(Stored data)
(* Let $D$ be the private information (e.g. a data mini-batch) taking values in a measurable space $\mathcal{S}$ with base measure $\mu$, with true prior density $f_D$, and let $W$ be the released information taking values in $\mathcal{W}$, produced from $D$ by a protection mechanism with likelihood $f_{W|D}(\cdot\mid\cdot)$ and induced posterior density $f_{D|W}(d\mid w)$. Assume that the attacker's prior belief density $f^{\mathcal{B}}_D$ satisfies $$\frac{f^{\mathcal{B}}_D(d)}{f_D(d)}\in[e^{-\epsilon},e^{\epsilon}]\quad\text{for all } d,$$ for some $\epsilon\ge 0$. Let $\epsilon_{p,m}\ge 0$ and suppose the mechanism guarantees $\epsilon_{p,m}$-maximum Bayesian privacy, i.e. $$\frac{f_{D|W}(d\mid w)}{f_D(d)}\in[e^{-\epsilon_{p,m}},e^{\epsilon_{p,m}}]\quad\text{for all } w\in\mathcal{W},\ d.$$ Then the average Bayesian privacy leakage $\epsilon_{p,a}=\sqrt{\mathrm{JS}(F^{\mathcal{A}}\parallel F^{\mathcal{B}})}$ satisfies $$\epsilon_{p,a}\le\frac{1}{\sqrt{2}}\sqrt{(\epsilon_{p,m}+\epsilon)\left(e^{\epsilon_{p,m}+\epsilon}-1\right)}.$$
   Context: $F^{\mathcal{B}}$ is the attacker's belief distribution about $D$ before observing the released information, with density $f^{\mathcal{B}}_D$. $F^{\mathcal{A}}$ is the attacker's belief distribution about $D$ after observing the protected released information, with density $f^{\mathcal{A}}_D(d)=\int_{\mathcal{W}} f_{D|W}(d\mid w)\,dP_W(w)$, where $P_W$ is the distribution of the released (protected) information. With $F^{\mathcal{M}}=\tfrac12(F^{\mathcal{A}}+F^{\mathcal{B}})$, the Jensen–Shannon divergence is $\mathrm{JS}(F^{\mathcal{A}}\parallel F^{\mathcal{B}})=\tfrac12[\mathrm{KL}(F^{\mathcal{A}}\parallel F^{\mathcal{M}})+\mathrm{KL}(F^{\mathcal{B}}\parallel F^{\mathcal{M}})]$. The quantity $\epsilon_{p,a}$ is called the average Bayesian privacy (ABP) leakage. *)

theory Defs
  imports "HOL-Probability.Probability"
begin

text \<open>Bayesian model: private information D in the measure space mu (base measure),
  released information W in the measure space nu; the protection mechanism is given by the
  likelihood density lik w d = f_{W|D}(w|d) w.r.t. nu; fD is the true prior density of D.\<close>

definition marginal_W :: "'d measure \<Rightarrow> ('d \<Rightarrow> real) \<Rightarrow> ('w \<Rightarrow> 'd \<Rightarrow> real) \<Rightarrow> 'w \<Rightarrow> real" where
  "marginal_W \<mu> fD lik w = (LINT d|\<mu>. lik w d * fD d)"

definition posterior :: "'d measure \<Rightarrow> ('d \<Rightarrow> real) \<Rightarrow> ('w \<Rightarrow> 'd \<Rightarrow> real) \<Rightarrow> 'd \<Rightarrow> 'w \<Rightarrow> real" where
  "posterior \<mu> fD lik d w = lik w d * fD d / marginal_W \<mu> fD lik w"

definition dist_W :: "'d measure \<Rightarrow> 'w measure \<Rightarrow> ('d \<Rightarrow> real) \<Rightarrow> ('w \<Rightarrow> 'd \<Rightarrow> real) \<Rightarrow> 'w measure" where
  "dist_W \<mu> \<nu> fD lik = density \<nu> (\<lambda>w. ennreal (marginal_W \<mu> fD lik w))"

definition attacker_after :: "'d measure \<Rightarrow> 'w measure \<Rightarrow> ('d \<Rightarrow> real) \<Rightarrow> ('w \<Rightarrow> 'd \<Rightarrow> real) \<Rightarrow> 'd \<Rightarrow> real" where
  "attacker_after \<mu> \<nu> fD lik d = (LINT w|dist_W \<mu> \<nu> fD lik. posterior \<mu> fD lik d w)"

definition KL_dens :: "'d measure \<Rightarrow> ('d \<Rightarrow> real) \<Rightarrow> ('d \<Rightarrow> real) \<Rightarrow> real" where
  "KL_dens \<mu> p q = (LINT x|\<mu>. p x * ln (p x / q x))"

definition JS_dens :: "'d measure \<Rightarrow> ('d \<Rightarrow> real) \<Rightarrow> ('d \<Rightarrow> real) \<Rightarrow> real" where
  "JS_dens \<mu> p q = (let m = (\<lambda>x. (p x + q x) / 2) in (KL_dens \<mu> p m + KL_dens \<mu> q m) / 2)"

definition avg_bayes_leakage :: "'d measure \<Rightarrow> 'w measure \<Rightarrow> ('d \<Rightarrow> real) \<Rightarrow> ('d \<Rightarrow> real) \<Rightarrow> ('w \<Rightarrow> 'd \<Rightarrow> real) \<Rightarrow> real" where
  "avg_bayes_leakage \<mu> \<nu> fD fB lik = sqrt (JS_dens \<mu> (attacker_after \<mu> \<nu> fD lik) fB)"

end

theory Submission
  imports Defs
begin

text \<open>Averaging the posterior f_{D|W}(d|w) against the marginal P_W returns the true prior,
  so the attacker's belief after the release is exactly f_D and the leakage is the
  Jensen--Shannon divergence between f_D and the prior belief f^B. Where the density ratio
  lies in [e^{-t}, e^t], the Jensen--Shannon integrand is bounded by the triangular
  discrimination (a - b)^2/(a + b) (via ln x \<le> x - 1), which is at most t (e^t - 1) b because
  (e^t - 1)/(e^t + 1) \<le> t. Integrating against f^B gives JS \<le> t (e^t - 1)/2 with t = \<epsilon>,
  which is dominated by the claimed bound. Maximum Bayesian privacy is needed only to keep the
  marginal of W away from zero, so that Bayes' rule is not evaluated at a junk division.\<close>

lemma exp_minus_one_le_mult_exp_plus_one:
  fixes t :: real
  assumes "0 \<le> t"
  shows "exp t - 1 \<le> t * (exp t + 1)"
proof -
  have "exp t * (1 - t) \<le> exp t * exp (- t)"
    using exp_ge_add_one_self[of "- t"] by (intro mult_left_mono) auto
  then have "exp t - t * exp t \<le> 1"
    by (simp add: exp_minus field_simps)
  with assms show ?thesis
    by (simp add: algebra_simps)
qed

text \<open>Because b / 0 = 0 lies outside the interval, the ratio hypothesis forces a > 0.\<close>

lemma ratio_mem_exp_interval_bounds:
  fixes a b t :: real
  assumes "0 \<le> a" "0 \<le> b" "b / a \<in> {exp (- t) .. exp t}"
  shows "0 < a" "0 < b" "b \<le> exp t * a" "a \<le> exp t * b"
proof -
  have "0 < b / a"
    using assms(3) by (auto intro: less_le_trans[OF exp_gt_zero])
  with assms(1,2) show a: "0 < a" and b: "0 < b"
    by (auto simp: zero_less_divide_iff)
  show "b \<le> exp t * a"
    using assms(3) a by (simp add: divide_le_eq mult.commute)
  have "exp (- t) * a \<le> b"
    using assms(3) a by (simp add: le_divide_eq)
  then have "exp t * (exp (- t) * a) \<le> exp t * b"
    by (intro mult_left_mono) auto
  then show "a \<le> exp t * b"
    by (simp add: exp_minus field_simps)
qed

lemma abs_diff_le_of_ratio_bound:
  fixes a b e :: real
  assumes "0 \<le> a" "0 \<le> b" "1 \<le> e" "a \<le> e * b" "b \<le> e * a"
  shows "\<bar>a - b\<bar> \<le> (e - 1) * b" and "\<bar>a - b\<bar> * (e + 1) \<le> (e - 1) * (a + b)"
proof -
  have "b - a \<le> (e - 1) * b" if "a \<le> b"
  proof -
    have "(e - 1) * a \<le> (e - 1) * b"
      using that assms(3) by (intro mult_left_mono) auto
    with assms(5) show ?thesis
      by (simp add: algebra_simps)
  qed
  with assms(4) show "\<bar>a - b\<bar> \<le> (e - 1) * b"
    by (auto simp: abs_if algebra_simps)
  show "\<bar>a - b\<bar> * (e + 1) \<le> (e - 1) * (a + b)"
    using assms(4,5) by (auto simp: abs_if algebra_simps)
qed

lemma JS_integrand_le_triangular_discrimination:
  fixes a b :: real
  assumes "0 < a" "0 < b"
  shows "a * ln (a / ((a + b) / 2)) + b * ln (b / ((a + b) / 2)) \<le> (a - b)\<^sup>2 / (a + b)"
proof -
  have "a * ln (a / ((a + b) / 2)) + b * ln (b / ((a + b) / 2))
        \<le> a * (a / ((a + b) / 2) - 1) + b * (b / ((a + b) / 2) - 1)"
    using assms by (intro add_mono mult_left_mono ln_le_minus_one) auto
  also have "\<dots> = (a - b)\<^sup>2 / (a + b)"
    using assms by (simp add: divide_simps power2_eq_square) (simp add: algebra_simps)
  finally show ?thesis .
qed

> **WHAT THIS TASK INVOLVES**
Retype exactly the lines from the first line of the records above through the line containing "released information W", both included, and nothing else.

> **FINISHED TASK**
(* Let $D$ be the private information (e.g. a data mini-batch) taking values in a measurable space $\mathcal{S}$ with base measure $\mu$, with true prior density $f_D$, and let $W$ be the released information taking values in $\mathcal{W}$, produced from $D$ by a protection mechanism with likelihood $f_{W|D}(\cdot\mid\cdot)$ and induced posterior density $f_{D|W}(d\mid w)$. Assume that the attacker's prior belief density $f^{\mathcal{B}}_D$ satisfies $$\frac{f^{\mathcal{B}}_D(d)}{f_D(d)}\in[e^{-\epsilon},e^{\epsilon}]\quad\text{for all } d,$$ for some $\epsilon\ge 0$. Let $\epsilon_{p,m}\ge 0$ and suppose the mechanism guarantees $\epsilon_{p,m}$-maximum Bayesian privacy, i.e. $$\frac{f_{D|W}(d\mid w)}{f_D(d)}\in[e^{-\epsilon_{p,m}},e^{\epsilon_{p,m}}]\quad\text{for all } w\in\mathcal{W},\ d.$$ Then the average Bayesian privacy leakage $\epsilon_{p,a}=\sqrt{\mathrm{JS}(F^{\mathcal{A}}\parallel F^{\mathcal{B}})}$ satisfies $$\epsilon_{p,a}\le\frac{1}{\sqrt{2}}\sqrt{(\epsilon_{p,m}+\epsilon)\left(e^{\epsilon_{p,m}+\epsilon}-1\right)}.$$
   Context: $F^{\mathcal{B}}$ is the attacker's belief distribution about $D$ before observing the released information, with density $f^{\mathcal{B}}_D$. $F^{\mathcal{A}}$ is the attacker's belief distribution about $D$ after observing the protected released information, with density $f^{\mathcal{A}}_D(d)=\int_{\mathcal{W}} f_{D|W}(d\mid w)\,dP_W(w)$, where $P_W$ is the distribution of the released (protected) information. With $F^{\mathcal{M}}=\tfrac12(F^{\mathcal{A}}+F^{\mathcal{B}})$, the Jensen–Shannon divergence is $\mathrm{JS}(F^{\mathcal{A}}\parallel F^{\mathcal{B}})=\tfrac12[\mathrm{KL}(F^{\mathcal{A}}\parallel F^{\mathcal{M}})+\mathrm{KL}(F^{\mathcal{B}}\parallel F^{\mathcal{M}})]$. The quantity $\epsilon_{p,a}$ is called the average Bayesian privacy (ABP) leakage. *)

theory Defs
  imports "HOL-Probability.Probability"
begin

text \<open>Bayesian model: private information D in the measure space mu (base measure),
  released information W in the measure space nu; the protection mechanism is given by the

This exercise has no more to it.